══ Provided data
theorem theorem4:
  fixes s :: nat and C c :: real
  assumes "s \<ge> 3" and "C > 0" and "c > 0"
    and "\<exists>N. \<forall>n\<ge>N. \<exists>d lam E. ndl_graph n d lam E \<and> \<not> has_clique n E s \<and>
            lam \<le> C * sqrt (real d) \<and>
            real d \<ge> c * real n powr (1 - 1 / (2 * real s - 3))"
  shows "\<exists>c' > 0. \<exists>T. \<forall>t\<ge>T.
           real (ramsey s t) \<ge> c' * real t ^ (s - 1) / (ln (real t)) ^ (2 * s - 4)"
proof -
  obtain N0 where graphs: "\<forall>n\<ge>N0. \<exists>d lam E. ndl_graph n d lam E \<and> \<not> has_clique n E s \<and>
      lam \<le> C * sqrt (real d) \<and> real d \<ge> c * real n powr (1 - 1 / (2 * real s - 3))"
    using assms(4) by blast
  define a where "a = 2 * real s - 3"
  define eps where "eps = min 1 (c / (8 * a\<^sup>2))"
  define K where "K = max 1 (2 * C / sqrt c)"
  define c1 where "c1 = eps ^ (s - 2) / (8 * exp 1 * K)"
  have "3 \<le> a" using assms(1) by (simp add: a_def)
  then have eps: "0 < eps" and c1: "0 < c1" using assms(3) by (auto simp: eps_def c1_def K_def)
  have "2 \<le> s" using assms(1) by simp
  from eventually_ramsey_parameters[OF this eps, of "N0 + 3 + K powr (2 * a / (a - 1))" a "2 / c1"]
  have "eventually (\<lambda>t. c1 / 2 * (real t ^ (s - 1) / ln t ^ (2 * s - 4)) \<le> ramsey s t) sequentially"
  proof (elim eventually_mono conjE)
    fix t :: nat
    assume t: "exp 1 \<le> real t" "N0 + 3 + K powr (2 * a / (a - 1)) \<le> eps * t / (ln t)\<^sup>2"
      "2 * real t \<le> (eps * t / (ln t)\<^sup>2)\<^sup>2" "a * ln t \<le> t / 4"
      "2 / c1 \<le> real t ^ (s - 1) / ln t ^ (2 * s - 4)"
    have "2 \<le> c1 * (real t ^ (s - 1) / ln t ^ (2 * s - 4))"
      using t(5) c1 by (simp add: pos_divide_le_eq mult.commute)
    with t(1-4) show "c1 / 2 * (real t ^ (s - 1) / ln t ^ (2 * s - 4)) \<le> ramsey s t"
      unfolding c1_def using assms(1-3) graphs
      by (intro ramsey_lower_bound_at) (auto simp: a_def eps_def K_def)
  qed
  then show ?thesis using c1 unfolding eventually_sequentially
    by (intro exI[of _ "c1 / 2"]) (auto simp: times_divide_eq_right)
qed

end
════
> **Activity**: The whole listing is needed again, word for word.

> **Result**:
theorem theorem4:
  fixes s :: nat and C c :: real
  assumes "s \<ge> 3" and "C > 0" and "c > 0"
    and "\<exists>N. \<forall>n\<ge>N. \<exists>d lam E. ndl_graph n d lam E \<and> \<not> has_clique n E s \<and>
            lam \<le> C * sqrt (real d) \<and>
            real d \<ge> c * real n powr (1 - 1 / (2 * real s - 3))"
  shows "\<exists>c' > 0. \<exists>T. \<forall>t\<ge>T.
           real (ramsey s t) \<ge> c' * real t ^ (s - 1) / (ln (real t)) ^ (2 * s - 4)"
proof -
  obtain N0 where graphs: "\<forall>n\<ge>N0. \<exists>d lam E. ndl_graph n d lam E \<and> \<not> has_clique n E s \<and>
      lam \<le> C * sqrt (real d) \<and> real d \<ge> c * real n powr (1 - 1 / (2 * real s - 3))"
    using assms(4) by blast
  define a where "a = 2 * real s - 3"
  define eps where "eps = min 1 (c / (8 * a\<^sup>2))"
  define K where "K = max 1 (2 * C / sqrt c)"
  define c1 where "c1 = eps ^ (s - 2) / (8 * exp 1 * K)"
  have "3 \<le> a" using assms(1) by (simp add: a_def)
  then have eps: "0 < eps" and c1: "0 < c1" using assms(3) by (auto simp: eps_def c1_def K_def)
  have "2 \<le> s" using assms(1) by simp
  from eventually_ramsey_parameters[OF this eps, of "N0 + 3 + K powr (2 * a / (a - 1))" a "2 / c1"]
  have "eventually (\<lambda>t. c1 / 2 * (real t ^ (s - 1) / ln t ^ (2 * s - 4)) \<le> ramsey s t) sequentially"
  proof (elim eventually_mono conjE)
    fix t :: nat
    assume t: "exp 1 \<le> real t" "N0 + 3 + K powr (2 * a / (a - 1)) \<le> eps * t / (ln t)\<^sup>2"
      "2 * real t \<le> (eps * t / (ln t)\<^sup>2)\<^sup>2" "a * ln t \<le> t / 4"
      "2 / c1 \<le> real t ^ (s - 1) / ln t ^ (2 * s - 4)"
    have "2 \<le> c1 * (real t ^ (s - 1) / ln t ^ (2 * s - 4))"
      using t(5) c1 by (simp add: pos_divide_le_eq mult.commute)
    with t(1-4) show "c1 / 2 * (real t ^ (s - 1) / ln t ^ (2 * s - 4)) \<le> ramsey s t"
      unfolding c1_def using assms(1-3) graphs
      by (intro ramsey_lower_bound_at) (auto simp: a_def eps_def K_def)
  qed
  then show ?thesis using c1 unfolding eventually_sequentially
    by (intro exI[of _ "c1 / 2"]) (auto simp: times_divide_eq_right)
qed

end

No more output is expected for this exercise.